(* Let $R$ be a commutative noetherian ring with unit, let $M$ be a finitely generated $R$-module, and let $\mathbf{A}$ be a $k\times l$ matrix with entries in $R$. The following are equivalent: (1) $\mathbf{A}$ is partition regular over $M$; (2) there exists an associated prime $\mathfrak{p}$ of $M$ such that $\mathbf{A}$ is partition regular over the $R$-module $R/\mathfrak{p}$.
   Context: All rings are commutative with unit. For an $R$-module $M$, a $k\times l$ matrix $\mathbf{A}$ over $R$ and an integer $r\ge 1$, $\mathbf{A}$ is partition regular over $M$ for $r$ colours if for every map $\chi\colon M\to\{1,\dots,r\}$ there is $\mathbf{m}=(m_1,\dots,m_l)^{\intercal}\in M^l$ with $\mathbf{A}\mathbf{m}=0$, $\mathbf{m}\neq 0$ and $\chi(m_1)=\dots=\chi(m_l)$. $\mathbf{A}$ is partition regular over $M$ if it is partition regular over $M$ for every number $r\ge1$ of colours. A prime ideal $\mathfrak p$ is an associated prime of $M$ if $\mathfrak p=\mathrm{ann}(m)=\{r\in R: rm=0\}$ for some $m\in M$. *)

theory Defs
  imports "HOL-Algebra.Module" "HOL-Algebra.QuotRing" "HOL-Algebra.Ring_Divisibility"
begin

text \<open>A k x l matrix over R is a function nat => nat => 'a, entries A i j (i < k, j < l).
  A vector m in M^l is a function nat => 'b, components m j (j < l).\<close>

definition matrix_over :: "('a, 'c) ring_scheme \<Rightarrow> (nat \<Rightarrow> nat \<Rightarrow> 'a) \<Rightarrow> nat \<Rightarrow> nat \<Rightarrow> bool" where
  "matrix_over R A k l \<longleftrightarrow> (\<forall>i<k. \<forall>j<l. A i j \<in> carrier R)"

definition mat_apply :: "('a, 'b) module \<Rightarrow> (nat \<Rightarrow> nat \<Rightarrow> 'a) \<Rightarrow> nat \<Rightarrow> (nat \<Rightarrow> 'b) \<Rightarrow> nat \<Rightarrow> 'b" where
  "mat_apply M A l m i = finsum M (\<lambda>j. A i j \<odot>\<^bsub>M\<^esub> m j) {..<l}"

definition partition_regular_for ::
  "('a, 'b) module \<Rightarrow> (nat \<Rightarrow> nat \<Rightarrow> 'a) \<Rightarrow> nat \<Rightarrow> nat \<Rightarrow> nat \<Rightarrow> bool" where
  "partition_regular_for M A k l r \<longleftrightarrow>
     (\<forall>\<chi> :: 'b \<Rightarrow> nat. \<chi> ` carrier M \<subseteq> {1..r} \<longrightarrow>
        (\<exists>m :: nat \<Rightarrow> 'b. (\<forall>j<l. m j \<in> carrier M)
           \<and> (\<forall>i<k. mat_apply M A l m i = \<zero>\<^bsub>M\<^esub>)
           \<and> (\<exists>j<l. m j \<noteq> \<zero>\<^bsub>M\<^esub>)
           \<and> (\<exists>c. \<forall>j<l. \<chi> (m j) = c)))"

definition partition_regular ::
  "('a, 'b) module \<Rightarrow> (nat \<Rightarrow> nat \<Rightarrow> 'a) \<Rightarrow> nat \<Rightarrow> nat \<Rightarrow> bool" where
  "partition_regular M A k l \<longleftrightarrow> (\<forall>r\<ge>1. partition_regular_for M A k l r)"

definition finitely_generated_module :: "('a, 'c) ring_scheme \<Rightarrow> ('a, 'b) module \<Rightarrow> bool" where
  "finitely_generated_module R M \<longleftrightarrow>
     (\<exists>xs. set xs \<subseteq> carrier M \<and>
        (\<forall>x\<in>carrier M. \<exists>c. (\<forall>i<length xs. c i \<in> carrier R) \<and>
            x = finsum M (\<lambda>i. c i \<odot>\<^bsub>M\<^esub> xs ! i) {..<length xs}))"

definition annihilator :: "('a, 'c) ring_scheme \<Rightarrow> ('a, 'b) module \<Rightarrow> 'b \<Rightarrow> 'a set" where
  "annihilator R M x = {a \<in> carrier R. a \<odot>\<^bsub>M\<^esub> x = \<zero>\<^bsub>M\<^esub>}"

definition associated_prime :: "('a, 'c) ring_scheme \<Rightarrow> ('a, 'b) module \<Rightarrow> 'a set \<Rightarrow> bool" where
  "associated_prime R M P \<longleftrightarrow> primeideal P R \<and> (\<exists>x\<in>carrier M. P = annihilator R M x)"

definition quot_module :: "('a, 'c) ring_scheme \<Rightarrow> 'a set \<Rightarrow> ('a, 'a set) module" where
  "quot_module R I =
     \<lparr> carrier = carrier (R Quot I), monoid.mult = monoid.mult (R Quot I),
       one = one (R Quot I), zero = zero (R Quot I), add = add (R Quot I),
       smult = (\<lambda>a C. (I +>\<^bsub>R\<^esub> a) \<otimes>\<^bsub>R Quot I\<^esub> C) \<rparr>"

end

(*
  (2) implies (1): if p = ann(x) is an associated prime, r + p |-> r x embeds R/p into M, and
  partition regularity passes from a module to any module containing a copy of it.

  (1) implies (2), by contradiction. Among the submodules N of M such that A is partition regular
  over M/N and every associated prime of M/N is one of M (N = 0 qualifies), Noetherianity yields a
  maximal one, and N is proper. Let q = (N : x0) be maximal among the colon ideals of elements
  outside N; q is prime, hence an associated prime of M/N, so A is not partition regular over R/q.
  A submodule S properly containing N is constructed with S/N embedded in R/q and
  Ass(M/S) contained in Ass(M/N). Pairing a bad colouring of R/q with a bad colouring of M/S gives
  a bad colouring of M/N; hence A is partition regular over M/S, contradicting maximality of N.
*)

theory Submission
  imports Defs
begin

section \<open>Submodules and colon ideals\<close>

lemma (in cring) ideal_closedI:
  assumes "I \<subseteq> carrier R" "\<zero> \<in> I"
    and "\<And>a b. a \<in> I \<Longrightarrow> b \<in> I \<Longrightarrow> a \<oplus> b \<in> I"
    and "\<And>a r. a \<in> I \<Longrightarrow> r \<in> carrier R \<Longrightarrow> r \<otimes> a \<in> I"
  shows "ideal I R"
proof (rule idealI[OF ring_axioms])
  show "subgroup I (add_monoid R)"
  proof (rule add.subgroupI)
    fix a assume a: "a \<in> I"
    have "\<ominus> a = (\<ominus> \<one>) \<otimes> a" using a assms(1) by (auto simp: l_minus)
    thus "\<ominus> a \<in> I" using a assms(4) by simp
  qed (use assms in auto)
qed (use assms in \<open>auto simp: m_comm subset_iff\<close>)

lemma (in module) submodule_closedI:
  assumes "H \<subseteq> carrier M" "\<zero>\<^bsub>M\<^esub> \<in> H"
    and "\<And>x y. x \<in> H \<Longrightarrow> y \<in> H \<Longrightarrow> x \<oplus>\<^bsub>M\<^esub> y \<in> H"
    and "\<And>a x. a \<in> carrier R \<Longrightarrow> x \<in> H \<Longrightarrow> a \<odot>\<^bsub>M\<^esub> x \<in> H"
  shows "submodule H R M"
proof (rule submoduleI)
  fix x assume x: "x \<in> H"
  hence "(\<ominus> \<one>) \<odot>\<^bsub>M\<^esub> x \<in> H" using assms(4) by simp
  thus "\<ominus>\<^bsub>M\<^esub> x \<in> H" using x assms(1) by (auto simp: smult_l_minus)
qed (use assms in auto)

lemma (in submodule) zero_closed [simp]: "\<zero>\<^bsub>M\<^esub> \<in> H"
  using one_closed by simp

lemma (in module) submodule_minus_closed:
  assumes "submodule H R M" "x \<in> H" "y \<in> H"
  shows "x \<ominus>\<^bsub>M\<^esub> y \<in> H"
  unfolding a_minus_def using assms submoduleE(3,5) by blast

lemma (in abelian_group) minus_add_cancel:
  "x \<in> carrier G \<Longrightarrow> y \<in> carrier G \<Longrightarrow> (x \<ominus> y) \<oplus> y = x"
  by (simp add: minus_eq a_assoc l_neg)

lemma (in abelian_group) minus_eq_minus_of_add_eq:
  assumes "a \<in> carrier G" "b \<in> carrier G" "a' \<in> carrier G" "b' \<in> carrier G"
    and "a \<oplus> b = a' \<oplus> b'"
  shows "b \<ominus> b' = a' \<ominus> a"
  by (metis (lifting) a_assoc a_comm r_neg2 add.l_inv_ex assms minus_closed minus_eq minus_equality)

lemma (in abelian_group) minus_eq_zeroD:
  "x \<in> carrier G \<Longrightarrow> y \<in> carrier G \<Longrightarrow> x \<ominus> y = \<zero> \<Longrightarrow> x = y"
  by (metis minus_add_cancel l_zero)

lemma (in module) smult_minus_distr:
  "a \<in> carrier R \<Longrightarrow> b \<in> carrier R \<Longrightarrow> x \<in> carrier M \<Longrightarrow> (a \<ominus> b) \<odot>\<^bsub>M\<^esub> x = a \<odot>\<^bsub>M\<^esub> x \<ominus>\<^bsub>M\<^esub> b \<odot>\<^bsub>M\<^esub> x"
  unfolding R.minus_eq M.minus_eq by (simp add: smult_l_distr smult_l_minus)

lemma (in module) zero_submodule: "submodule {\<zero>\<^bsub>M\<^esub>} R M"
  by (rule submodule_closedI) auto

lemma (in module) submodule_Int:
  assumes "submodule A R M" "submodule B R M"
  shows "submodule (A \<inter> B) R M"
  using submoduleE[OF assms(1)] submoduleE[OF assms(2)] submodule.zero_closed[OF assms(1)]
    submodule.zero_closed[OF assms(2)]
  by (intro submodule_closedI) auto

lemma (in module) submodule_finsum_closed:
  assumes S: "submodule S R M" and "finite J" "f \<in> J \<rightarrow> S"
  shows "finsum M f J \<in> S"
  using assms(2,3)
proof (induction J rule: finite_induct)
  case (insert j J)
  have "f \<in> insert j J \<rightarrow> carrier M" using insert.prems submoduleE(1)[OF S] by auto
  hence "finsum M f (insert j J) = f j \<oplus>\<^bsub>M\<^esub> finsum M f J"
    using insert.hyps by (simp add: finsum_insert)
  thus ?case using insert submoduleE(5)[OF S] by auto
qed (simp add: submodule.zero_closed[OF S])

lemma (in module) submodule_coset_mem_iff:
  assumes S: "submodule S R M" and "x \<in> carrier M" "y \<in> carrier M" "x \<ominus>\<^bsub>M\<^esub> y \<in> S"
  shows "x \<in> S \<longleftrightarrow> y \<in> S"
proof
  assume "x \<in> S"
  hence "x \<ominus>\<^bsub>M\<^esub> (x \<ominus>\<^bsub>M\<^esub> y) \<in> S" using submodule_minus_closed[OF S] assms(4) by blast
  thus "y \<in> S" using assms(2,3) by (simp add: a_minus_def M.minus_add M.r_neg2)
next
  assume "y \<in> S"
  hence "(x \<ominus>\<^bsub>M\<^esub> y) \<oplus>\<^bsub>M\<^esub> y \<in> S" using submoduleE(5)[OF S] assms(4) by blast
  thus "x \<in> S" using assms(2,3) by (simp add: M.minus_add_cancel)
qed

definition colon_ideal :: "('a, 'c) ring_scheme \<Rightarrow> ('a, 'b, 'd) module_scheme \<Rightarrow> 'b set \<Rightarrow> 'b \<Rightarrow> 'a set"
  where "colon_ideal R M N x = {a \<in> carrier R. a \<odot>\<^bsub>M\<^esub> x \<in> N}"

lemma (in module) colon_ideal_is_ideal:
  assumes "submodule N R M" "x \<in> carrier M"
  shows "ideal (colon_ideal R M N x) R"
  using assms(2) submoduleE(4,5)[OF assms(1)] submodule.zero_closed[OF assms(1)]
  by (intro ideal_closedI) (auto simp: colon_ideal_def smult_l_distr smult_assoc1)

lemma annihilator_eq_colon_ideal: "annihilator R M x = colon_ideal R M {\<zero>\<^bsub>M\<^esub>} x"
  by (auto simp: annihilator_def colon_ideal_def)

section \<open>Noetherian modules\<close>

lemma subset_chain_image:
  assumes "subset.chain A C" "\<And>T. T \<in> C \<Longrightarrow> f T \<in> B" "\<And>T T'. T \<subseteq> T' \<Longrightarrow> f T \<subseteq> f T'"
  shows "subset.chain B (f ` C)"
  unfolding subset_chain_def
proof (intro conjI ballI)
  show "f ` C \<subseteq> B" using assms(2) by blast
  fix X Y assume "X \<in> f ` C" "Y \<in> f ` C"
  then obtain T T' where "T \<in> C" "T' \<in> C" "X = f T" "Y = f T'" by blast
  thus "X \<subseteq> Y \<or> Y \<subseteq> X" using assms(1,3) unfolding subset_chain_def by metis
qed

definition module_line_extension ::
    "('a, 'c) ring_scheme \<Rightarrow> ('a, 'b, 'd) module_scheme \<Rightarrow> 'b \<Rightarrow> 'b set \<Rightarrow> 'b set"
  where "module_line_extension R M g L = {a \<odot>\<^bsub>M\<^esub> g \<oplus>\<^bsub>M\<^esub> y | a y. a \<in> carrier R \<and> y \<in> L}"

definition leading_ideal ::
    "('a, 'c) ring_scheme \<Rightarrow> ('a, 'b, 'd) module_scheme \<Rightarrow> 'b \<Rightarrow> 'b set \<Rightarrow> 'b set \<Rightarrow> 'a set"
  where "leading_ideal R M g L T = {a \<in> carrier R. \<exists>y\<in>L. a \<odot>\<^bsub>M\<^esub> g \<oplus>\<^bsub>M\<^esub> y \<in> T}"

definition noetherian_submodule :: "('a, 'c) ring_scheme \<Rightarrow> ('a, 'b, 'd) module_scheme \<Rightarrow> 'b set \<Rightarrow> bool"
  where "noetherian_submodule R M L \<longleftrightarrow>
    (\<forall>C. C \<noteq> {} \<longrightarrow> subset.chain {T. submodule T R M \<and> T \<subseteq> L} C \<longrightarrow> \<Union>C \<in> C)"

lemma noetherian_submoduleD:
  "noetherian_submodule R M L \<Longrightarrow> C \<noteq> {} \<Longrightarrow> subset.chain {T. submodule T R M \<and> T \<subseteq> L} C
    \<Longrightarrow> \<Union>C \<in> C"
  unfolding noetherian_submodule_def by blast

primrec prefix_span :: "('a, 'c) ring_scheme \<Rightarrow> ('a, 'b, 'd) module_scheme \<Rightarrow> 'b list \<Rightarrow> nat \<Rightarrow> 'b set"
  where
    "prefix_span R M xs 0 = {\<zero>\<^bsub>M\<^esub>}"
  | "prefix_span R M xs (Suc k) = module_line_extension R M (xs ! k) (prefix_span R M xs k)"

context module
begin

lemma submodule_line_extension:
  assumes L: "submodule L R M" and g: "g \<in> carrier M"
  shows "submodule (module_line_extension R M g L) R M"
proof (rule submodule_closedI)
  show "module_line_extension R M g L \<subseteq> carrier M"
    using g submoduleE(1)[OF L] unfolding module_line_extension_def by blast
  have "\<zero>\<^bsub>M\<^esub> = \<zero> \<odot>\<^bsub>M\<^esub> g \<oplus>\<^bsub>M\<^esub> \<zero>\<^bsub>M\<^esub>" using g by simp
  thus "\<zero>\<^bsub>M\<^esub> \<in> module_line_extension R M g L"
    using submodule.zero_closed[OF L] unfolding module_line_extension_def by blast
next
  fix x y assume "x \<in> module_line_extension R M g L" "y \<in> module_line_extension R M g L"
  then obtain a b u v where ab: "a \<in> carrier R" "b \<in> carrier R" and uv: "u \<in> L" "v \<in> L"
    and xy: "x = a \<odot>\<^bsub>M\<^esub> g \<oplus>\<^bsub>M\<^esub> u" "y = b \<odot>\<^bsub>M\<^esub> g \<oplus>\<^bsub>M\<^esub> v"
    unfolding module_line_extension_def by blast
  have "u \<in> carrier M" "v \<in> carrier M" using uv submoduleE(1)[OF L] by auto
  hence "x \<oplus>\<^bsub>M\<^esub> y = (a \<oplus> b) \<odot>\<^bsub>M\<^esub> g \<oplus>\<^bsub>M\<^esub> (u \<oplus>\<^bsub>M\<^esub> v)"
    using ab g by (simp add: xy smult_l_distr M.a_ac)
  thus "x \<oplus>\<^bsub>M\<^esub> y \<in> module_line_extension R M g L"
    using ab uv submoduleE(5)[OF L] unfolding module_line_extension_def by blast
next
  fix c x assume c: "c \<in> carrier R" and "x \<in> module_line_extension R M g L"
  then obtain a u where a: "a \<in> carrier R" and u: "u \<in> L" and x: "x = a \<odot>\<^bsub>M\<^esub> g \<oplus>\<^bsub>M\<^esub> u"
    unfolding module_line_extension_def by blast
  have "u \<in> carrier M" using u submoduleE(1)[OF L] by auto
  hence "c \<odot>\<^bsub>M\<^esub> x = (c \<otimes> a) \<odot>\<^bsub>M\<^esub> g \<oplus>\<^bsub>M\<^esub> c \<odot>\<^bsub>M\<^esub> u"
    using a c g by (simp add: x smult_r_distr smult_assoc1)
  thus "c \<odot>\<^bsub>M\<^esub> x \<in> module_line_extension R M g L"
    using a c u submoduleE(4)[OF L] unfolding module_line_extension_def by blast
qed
* * * * *
=== EXERCISE INSTRUCTIONS ===
Only the lines above from the one with "(\<forall>C. C \<noteq>" through the one with "unfolding noetherian_submodule_def by blast" should be duplicated, character for character.

=== SOLUTION TO THIS TASK ===
    (\<forall>C. C \<noteq> {} \<longrightarrow> subset.chain {T. submodule T R M \<and> T \<subseteq> L} C \<longrightarrow> \<Union>C \<in> C)"

lemma noetherian_submoduleD:
  "noetherian_submodule R M L \<Longrightarrow> C \<noteq> {} \<Longrightarrow> subset.chain {T. submodule T R M \<and> T \<subseteq> L} C
    \<Longrightarrow> \<Union>C \<in> C"
  unfolding noetherian_submodule_def by blast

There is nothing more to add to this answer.